Write out the following listing's lines from the one with "t xs \<and>" to the one with "v [x] \<longleftrightarrow>", exactly, with both included and no others.

• • • • • • •

(* There exist time-inconsistent planning models $(G,w,s,t,\beta)$ in which the number of pairwise distinct costs of feasible $s$-$t$ paths is exponential in the number $n$ of vertices of $G$. (In particular, the difference between the largest and smallest cost of a feasible $s$-$t$ path can be exponential in $n$.)
   Context: A time-inconsistent planning model is a tuple $(G,w,s,t,\beta)$ where $G$ is a finite directed acyclic graph with $n$ vertices, $w:E(G)\to\mathbb{N}$ assigns a cost to each arc, $s,t\in V(G)$ are the start and target vertices, and $\beta\le 1$ is the present-bias parameter. For a vertex $v$ and a $v$-$t$ path $P$ with arcs $e_1,\dots,e_m$ (in order), the perceived cost of $P$ is $\zeta(P)=w(e_1)+\beta\sum_{i=2}^m w(e_i)$, and $\zeta(v)=\min\{\zeta(P): P \text{ a } v\text{-}t \text{ path}\}$. A $v$-$t$ path of perceived cost $\zeta(v)$ is called a perceived path. The agent starts at $s$; at a vertex $v\neq t$ it chooses some perceived $v$-$t$ path and traverses its first arc, and repeats until reaching $t$. An $s$-$t$ path $v_0=s,v_1,\dots,v_m=t$ is feasible if for every $i<m$ the arc $v_iv_{i+1}$ is the first arc of some perceived $v_i$-$t$ path, i.e., the agent may follow it under some way of breaking ties. The (actual) cost of a path is the sum of $w$ over its arcs. *)

theory Defs
  imports Complex_Main
begin

definition arcs :: "'v list \<Rightarrow> ('v \<times> 'v) list" where
  "arcs xs = zip xs (tl xs)"

definition is_path :: "('v \<times> 'v) set \<Rightarrow> 'v \<Rightarrow> 'v \<Rightarrow> 'v list \<Rightarrow> bool" where
  "is_path E u v xs \<longleftrightarrow> xs \<noteq> [] \<and> hd xs = u \<and> last xs = v \<and> set (arcs xs) \<subseteq> E"

definition path_cost :: "('v \<times> 'v \<Rightarrow> nat) \<Rightarrow> 'v list \<Rightarrow> nat" where
  "path_cost w xs = sum_list (map w (arcs xs))"

definition perceived_cost :: "('v \<times> 'v \<Rightarrow> nat) \<Rightarrow> real \<Rightarrow> 'v list \<Rightarrow> real" where
  "perceived_cost w \<beta> xs =
     (case arcs xs of [] \<Rightarrow> 0
      | e # es \<Rightarrow> real (w e) + \<beta> * real (sum_list (map w es)))"

definition perceived_path :: "('v \<times> 'v) set \<Rightarrow> ('v \<times> 'v \<Rightarrow> nat) \<Rightarrow> real \<Rightarrow> 'v \<Rightarrow> 'v \<Rightarrow> 'v list \<Rightarrow> bool" where
  "perceived_path E w \<beta> t v P \<longleftrightarrow> is_path E v t P \<and>
     (\<forall>Q. is_path E v t Q \<longrightarrow> perceived_cost w \<beta> P \<le> perceived_cost w \<beta> Q)"

definition feasible_path :: "('v \<times> 'v) set \<Rightarrow> ('v \<times> 'v \<Rightarrow> nat) \<Rightarrow> real \<Rightarrow> 'v \<Rightarrow> 'v \<Rightarrow> 'v list \<Rightarrow> bool" where
  "feasible_path E w \<beta> s t xs \<longleftrightarrow> is_path E s t xs \<and>
     (\<forall>i. Suc i < length xs \<longrightarrow>
        (\<exists>P. perceived_path E w \<beta> t (xs ! i) P \<and> length P \<ge> 2 \<and> P ! 1 = xs ! Suc i))"

definition planning_model :: "nat \<Rightarrow> (nat \<times> nat) set \<Rightarrow> nat \<Rightarrow> nat \<Rightarrow> real \<Rightarrow> bool" where
  "planning_model n E s t \<beta> \<longleftrightarrow> E \<subseteq> {..<n} \<times> {..<n} \<and> acyclic E \<and>
     s \<in> {..<n} \<and> t \<in> {..<n} \<and> 0 < \<beta> \<and> \<beta> \<le> 1"

end

theory Submission
  imports Defs
begin

text \<open>On the vertices 0, ..., 2k with target 0, level i < k offers two ways from 2i+2 down
  to 2i: the direct arc of cost 2^i, or the detour through 2i+1 with arcs of cost 0 and
  2^(i+1). With present bias 1/2 both first arcs are perceived at the same cost, so the agent
  is indifferent everywhere and every path from 2k to 0 is feasible. Taking the detour at a
  set S of levels costs 2^k - 1 + (sum of 2^i over i in S), so the 2k+1 vertices produce
  2^k distinct costs of feasible paths.\<close>

lemma arcs_Cons_Cons [simp]: "arcs (x # y # xs) = (x, y) # arcs (y # xs)"
  and arcs_singleton [simp]: "arcs [x] = []"
  by (simp_all add: arcs_def)

lemma arcs_Cons: "xs \<noteq> [] \<Longrightarrow> arcs (x # xs) = (x, hd xs) # arcs xs"
  by (cases xs) auto

lemma is_path_singleton [simp]: "is_path E u v [x] \<longleftrightarrow> u = x \<and> v = x"
  by (auto simp: is_path_def)

lemma is_path_Cons:
  "xs \<noteq> [] \<Longrightarrow> is_path E u v (x # xs) \<longleftrightarrow> u = x \<and> (x, hd xs) \<in> E \<and> is_path E (hd xs) v xs"
  by (cases xs) (auto simp: is_path_def)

• • • • • • •

Answer box:
  "feasible_path E w \<beta> s t xs \<longleftrightarrow> is_path E s t xs \<and>
     (\<forall>i. Suc i < length xs \<longrightarrow>
        (\<exists>P. perceived_path E w \<beta> t (xs ! i) P \<and> length P \<ge> 2 \<and> P ! 1 = xs ! Suc i))"

definition planning_model :: "nat \<Rightarrow> (nat \<times> nat) set \<Rightarrow> nat \<Rightarrow> nat \<Rightarrow> real \<Rightarrow> bool" where
  "planning_model n E s t \<beta> \<longleftrightarrow> E \<subseteq> {..<n} \<times> {..<n} \<and> acyclic E \<and>
     s \<in> {..<n} \<and> t \<in> {..<n} \<and> 0 < \<beta> \<and> \<beta> \<le> 1"

end

theory Submission
  imports Defs
begin

text \<open>On the vertices 0, ..., 2k with target 0, level i < k offers two ways from 2i+2 down
  to 2i: the direct arc of cost 2^i, or the detour through 2i+1 with arcs of cost 0 and
  2^(i+1). With present bias 1/2 both first arcs are perceived at the same cost, so the agent
  is indifferent everywhere and every path from 2k to 0 is feasible. Taking the detour at a
  set S of levels costs 2^k - 1 + (sum of 2^i over i in S), so the 2k+1 vertices produce
  2^k distinct costs of feasible paths.\<close>

lemma arcs_Cons_Cons [simp]: "arcs (x # y # xs) = (x, y) # arcs (y # xs)"
  and arcs_singleton [simp]: "arcs [x] = []"
  by (simp_all add: arcs_def)

lemma arcs_Cons: "xs \<noteq> [] \<Longrightarrow> arcs (x # xs) = (x, hd xs) # arcs xs"
  by (cases xs) auto

lemma is_path_singleton [simp]: "is_path E u v [x] \<longleftrightarrow> u = x \<and> v = x"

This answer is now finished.